▶ **Task prompt**: Exactly as written, copy the lines of the data below from the first through the one containing "z \<Longrightarrow> Min".

▶ **Data listing**:
lemma structured_tree_zero_range_segment:
  assumes fin: "finite P" and st: "structured_tree P s \<rho> par pstar"
    and z: "z \<in> zero_range_pts P s \<rho>"
  shows "Min (in_reach P \<rho> pstar) \<le> min z (succ_pt P s z)"
    and "max z (succ_pt P s z) \<le> Max (in_reach P \<rho> pstar)"
proof -
  define Re where "Re = in_reach P \<rho> pstar"
  define q where "q = succ_pt P s z"
  have bt: "is_btree P s \<rho> par" using st unfolding structured_tree_def by blast
  note crossing = structured_tree_crossing_point[OF st]
  have zP: "z \<in> P" "z \<noteq> s" "has_succ P s z" "\<rho> z = 0"
    using z structured_tree_source_not_zero_range[OF st]
    unfolding zero_range_pts_def extreme_def by auto
  have childless: "\<not> (\<exists>c\<in>P - {s}. par c = z)"
    using btree_parent_range_pos[OF bt] zP(4) by fastforce
  have "pstar \<in> Re" unfolding Re_def by (rule structured_tree_crossing_in_reach[OF st])
  moreover have "finite Re" unfolding Re_def in_reach_def using fin by simp
  ultimately have hull: "Min Re \<le> pstar" "pstar \<le> Max Re" by simp_all
  have qP: "q \<in> P" "s < z \<Longrightarrow> z < q" "z < s \<Longrightarrow> q < z"
    unfolding q_def using fin zP succ_pt_mem succ_pt_gt succ_pt_lt by auto
  have "par q = z" if "s < z \<and> Max Re < q \<or> z < s \<and> q < Min Re"
  proof -
    have "par q = pred_pt P s q"
      using st that qP unfolding structured_tree_def Re_def by force
    then show ?thesis unfolding q_def using pred_pt_succ_pt[OF fin zP(1-3)] by simp
  qed
  moreover have "q \<in> P - {s}" using qP zP(2) by force
  ultimately have q_in: "s < z \<Longrightarrow> q \<le> Max Re" "z < s \<Longrightarrow> Min Re \<le> q"
    using childless by force+
  have z_in: "s < z \<Longrightarrow> Min Re \<le> z" "z < s \<Longrightarrow> z \<le> Max Re"
    using structured_tree_between_has_child[OF fin st zP(1)] childless hull by force+
  show "Min Re \<le> min z q" "max z q \<le> Max Re"
    using zP(2) qP q_in z_in by (cases "s < z"; force)+
qed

▶ **Response to the task**:
lemma structured_tree_zero_range_segment:
  assumes fin: "finite P" and st: "structured_tree P s \<rho> par pstar"
    and z: "z \<in> zero_range_pts P s \<rho>"
  shows "Min (in_reach P \<rho> pstar) \<le> min z (succ_pt P s z)"
    and "max z (succ_pt P s z) \<le> Max (in_reach P \<rho> pstar)"
proof -
  define Re where "Re = in_reach P \<rho> pstar"
  define q where "q = succ_pt P s z"
  have bt: "is_btree P s \<rho> par" using st unfolding structured_tree_def by blast
  note crossing = structured_tree_crossing_point[OF st]
  have zP: "z \<in> P" "z \<noteq> s" "has_succ P s z" "\<rho> z = 0"
    using z structured_tree_source_not_zero_range[OF st]
    unfolding zero_range_pts_def extreme_def by auto
  have childless: "\<not> (\<exists>c\<in>P - {s}. par c = z)"
    using btree_parent_range_pos[OF bt] zP(4) by fastforce
  have "pstar \<in> Re" unfolding Re_def by (rule structured_tree_crossing_in_reach[OF st])
  moreover have "finite Re" unfolding Re_def in_reach_def using fin by simp
  ultimately have hull: "Min Re \<le> pstar" "pstar \<le> Max Re" by simp_all
  have qP: "q \<in> P" "s < z \<Longrightarrow> z < q" "z < s \<Longrightarrow> q < z"
    unfolding q_def using fin zP succ_pt_mem succ_pt_gt succ_pt_lt by auto
  have "par q = z" if "s < z \<and> Max Re < q \<or> z < s \<and> q < Min Re"
  proof -
    have "par q = pred_pt P s q"
      using st that qP unfolding structured_tree_def Re_def by force
    then show ?thesis unfolding q_def using pred_pt_succ_pt[OF fin zP(1-3)] by simp
  qed
  moreover have "q \<in> P - {s}" using qP zP(2) by force
  ultimately have q_in: "s < z \<Longrightarrow> q \<le> Max Re" "z < s \<Longrightarrow> Min Re \<le> q"
    using childless by force+
  have z_in: "s < z \<Longrightarrow> Min Re \<le> z" "z < s \<Longrightarrow> z \<le> Max Re"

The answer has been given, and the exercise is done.